START RECORDS FOR THIS TASK

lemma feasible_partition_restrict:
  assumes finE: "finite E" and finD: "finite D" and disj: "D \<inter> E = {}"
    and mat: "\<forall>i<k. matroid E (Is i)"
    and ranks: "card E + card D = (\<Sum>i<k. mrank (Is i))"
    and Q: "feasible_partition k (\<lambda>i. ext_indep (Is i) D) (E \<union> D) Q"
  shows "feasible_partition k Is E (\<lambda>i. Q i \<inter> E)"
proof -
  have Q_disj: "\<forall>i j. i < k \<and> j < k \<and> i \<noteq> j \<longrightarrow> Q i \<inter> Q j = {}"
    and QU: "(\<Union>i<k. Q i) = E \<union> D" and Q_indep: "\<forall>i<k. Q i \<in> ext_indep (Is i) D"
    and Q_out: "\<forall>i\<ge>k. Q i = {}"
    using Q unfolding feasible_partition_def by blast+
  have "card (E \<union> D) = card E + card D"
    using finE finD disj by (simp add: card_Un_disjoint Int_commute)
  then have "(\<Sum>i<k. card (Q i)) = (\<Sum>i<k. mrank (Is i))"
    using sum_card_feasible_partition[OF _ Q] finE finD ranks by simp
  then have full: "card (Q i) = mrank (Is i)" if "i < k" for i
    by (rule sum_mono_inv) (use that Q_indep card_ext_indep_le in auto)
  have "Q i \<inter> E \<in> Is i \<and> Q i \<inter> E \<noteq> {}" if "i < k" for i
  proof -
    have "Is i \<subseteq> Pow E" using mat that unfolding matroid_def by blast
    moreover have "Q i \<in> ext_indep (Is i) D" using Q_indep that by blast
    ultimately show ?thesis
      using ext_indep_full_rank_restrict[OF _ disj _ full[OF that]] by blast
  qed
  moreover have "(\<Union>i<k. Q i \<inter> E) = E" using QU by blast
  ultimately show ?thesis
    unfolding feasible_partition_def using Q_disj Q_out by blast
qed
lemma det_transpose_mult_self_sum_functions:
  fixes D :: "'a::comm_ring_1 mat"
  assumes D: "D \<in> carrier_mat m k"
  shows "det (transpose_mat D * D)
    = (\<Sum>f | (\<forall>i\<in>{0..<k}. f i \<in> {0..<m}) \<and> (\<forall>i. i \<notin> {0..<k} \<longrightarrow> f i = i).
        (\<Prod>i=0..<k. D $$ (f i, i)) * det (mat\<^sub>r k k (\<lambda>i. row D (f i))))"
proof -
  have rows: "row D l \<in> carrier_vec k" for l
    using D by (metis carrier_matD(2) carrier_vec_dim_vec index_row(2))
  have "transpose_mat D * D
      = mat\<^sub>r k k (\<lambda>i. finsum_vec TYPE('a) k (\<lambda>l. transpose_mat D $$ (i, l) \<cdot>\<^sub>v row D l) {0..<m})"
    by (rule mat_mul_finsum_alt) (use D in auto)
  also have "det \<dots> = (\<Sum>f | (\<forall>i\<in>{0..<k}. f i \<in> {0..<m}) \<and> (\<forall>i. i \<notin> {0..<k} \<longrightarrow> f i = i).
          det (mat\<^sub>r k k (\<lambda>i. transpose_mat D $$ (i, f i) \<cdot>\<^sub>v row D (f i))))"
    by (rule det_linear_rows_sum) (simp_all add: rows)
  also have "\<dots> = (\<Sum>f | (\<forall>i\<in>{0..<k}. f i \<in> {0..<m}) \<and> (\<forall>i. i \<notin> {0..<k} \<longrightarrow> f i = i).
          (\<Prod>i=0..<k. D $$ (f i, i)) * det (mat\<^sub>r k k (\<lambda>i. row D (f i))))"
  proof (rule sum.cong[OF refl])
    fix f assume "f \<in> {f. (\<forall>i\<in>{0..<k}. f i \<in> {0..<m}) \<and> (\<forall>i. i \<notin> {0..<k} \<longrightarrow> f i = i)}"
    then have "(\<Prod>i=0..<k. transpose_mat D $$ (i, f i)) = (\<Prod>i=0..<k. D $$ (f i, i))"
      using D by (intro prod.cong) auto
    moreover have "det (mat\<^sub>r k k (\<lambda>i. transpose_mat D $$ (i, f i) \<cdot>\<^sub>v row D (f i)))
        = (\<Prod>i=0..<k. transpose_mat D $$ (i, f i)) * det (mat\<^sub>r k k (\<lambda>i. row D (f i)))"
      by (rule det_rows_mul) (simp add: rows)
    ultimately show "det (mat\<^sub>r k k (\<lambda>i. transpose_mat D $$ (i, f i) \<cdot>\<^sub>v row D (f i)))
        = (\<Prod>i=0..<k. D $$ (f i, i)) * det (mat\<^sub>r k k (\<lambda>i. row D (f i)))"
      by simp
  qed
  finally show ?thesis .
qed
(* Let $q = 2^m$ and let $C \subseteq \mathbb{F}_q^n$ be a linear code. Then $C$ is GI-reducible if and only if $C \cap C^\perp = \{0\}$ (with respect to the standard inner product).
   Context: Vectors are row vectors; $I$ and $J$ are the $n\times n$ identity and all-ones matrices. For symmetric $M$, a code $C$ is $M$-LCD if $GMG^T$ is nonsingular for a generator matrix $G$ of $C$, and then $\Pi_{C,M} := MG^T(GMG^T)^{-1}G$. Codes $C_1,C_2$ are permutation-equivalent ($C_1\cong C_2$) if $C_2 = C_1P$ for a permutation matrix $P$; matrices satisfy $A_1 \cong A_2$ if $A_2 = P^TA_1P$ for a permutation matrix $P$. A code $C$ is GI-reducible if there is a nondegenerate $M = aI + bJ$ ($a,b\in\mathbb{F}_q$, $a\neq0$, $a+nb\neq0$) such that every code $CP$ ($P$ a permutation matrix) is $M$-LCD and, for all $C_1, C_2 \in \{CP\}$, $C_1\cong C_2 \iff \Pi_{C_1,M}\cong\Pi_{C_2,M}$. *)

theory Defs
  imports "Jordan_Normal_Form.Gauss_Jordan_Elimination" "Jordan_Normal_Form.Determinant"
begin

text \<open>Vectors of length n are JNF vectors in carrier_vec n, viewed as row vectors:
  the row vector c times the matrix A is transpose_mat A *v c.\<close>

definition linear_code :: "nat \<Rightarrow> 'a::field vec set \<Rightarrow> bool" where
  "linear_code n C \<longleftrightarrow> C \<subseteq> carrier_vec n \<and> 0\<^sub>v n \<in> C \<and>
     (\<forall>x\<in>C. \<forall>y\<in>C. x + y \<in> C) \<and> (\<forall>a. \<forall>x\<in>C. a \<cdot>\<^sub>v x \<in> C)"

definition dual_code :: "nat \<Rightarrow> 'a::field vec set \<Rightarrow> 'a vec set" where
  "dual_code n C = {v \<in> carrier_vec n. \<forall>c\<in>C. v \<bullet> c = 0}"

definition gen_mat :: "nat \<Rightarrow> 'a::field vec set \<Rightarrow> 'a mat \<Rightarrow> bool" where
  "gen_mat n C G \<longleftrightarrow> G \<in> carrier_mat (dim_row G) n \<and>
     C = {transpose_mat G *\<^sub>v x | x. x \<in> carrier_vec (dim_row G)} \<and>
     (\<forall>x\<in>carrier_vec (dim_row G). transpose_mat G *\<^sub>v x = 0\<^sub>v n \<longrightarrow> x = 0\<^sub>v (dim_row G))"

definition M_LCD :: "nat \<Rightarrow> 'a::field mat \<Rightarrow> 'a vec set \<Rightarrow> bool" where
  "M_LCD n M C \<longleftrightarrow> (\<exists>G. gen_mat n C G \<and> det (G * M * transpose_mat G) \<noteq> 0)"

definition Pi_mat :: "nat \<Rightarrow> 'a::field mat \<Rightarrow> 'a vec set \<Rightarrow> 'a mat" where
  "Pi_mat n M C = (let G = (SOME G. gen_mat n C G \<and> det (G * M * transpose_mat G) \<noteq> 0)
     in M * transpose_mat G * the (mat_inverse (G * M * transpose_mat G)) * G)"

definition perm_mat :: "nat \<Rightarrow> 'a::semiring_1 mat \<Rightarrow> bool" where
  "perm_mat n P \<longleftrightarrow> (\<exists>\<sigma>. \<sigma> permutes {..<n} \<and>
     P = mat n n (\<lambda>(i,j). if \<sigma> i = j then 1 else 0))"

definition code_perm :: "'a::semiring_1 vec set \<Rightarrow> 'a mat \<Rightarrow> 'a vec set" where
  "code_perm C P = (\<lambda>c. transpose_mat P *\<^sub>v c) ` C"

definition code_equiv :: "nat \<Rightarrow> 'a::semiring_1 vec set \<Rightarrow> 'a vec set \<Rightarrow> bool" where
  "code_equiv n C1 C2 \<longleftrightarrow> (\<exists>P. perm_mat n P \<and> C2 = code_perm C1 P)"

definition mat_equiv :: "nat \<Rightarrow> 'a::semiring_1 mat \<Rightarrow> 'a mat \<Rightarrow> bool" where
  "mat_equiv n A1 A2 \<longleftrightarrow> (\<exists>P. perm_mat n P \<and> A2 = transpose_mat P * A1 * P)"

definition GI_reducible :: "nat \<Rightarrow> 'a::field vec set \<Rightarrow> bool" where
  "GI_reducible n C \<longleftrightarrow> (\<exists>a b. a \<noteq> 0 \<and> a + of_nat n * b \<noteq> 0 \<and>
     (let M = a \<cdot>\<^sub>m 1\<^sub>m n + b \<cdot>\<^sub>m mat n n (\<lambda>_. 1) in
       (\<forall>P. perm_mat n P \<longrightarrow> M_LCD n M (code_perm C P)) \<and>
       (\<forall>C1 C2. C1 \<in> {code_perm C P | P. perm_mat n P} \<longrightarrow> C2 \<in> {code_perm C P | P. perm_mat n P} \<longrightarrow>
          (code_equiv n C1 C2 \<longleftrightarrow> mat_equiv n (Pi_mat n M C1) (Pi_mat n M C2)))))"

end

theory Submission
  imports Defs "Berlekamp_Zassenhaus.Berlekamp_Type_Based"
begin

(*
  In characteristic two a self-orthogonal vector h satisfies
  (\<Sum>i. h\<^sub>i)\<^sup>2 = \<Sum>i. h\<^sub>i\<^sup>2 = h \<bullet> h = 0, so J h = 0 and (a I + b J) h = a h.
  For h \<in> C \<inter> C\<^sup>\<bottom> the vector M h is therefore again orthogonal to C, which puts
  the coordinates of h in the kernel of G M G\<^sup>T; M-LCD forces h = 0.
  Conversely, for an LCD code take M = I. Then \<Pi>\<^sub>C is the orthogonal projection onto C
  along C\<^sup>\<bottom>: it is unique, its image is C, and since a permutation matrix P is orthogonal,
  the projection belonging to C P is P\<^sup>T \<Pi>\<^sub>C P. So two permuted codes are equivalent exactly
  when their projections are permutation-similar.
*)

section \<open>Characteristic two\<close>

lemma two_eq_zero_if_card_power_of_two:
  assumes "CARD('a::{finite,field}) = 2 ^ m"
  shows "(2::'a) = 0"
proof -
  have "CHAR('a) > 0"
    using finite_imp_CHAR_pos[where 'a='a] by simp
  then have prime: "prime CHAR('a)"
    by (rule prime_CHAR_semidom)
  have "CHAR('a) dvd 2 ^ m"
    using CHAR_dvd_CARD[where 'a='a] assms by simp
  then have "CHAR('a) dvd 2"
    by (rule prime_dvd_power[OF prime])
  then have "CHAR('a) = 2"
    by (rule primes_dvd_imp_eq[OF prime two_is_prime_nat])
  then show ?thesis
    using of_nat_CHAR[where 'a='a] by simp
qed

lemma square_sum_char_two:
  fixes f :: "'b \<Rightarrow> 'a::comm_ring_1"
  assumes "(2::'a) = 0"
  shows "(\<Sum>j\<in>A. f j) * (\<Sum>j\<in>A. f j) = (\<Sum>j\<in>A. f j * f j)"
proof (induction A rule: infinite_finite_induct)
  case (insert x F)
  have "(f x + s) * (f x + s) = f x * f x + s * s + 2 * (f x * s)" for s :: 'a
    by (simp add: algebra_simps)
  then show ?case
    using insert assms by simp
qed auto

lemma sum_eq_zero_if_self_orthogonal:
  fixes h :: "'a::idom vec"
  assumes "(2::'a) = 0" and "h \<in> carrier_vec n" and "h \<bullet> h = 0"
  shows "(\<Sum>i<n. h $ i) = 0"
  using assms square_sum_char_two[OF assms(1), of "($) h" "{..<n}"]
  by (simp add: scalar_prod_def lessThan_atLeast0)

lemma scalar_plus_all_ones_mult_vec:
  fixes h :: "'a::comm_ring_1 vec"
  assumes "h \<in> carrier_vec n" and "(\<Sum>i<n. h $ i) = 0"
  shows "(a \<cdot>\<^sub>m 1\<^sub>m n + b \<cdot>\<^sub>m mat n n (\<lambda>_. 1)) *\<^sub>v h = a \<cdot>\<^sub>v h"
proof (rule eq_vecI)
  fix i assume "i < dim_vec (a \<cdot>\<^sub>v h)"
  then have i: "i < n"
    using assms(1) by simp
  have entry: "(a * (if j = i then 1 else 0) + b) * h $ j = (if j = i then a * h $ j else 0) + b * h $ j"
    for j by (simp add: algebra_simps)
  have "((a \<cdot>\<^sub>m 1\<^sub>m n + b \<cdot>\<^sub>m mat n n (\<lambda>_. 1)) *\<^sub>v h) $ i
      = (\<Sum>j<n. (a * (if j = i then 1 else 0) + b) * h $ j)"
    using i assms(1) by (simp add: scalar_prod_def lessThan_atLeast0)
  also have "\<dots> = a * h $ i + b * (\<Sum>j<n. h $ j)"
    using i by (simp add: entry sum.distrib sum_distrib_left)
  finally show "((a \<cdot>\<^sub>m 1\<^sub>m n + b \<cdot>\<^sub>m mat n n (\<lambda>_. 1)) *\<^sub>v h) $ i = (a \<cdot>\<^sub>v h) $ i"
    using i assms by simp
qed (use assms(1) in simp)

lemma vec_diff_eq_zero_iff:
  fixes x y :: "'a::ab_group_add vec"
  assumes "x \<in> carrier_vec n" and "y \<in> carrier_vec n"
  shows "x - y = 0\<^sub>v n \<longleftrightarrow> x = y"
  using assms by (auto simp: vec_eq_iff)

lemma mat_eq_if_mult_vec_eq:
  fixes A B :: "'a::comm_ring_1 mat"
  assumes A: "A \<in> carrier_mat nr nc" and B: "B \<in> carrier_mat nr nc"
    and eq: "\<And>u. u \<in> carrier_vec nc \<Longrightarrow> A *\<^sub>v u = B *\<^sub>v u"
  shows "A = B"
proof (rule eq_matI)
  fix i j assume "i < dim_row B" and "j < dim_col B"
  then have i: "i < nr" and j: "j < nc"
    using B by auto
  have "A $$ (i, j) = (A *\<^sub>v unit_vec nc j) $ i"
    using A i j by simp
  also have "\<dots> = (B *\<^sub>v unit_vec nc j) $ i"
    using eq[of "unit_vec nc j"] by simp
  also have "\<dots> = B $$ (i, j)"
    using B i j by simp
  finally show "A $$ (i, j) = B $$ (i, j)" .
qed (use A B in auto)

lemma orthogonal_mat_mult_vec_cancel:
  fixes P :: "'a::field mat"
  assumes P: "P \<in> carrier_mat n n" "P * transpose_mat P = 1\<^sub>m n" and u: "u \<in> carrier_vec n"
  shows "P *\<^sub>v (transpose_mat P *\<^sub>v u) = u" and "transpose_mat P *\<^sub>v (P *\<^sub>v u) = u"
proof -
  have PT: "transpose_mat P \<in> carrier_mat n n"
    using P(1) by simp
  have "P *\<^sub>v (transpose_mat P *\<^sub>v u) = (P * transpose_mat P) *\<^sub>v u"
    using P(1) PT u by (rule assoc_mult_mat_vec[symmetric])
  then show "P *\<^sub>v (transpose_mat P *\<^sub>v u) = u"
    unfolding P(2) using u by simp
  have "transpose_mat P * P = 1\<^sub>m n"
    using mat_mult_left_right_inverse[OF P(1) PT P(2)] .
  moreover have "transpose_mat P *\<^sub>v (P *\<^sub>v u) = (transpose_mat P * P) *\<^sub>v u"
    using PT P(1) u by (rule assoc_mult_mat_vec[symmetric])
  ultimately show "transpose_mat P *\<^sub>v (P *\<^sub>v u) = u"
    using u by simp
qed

END RECORDS FOR THIS TASK

> **WHAT IS BEING ASKED**:
A reply should hold exactly the lines from the one containing "(B *\<^sub>v unit_vec" through the end of the data above, nothing more.

> **ANSWER TO THE PROBLEM**:
  also have "\<dots> = (B *\<^sub>v unit_vec nc j) $ i"
    using eq[of "unit_vec nc j"] by simp
  also have "\<dots> = B $$ (i, j)"
    using B i j by simp
  finally show "A $$ (i, j) = B $$ (i, j)" .
qed (use A B in auto)

lemma orthogonal_mat_mult_vec_cancel:
  fixes P :: "'a::field mat"
  assumes P: "P \<in> carrier_mat n n" "P * transpose_mat P = 1\<^sub>m n" and u: "u \<in> carrier_vec n"
  shows "P *\<^sub>v (transpose_mat P *\<^sub>v u) = u" and "transpose_mat P *\<^sub>v (P *\<^sub>v u) = u"
proof -
  have PT: "transpose_mat P \<in> carrier_mat n n"
    using P(1) by simp
  have "P *\<^sub>v (transpose_mat P *\<^sub>v u) = (P * transpose_mat P) *\<^sub>v u"
    using P(1) PT u by (rule assoc_mult_mat_vec[symmetric])
  then show "P *\<^sub>v (transpose_mat P *\<^sub>v u) = u"
    unfolding P(2) using u by simp
  have "transpose_mat P * P = 1\<^sub>m n"
    using mat_mult_left_right_inverse[OF P(1) PT P(2)] .
  moreover have "transpose_mat P *\<^sub>v (P *\<^sub>v u) = (transpose_mat P * P) *\<^sub>v u"
    using PT P(1) u by (rule assoc_mult_mat_vec[symmetric])
  ultimately show "transpose_mat P *\<^sub>v (P *\<^sub>v u) = u"
    using u by simp
qed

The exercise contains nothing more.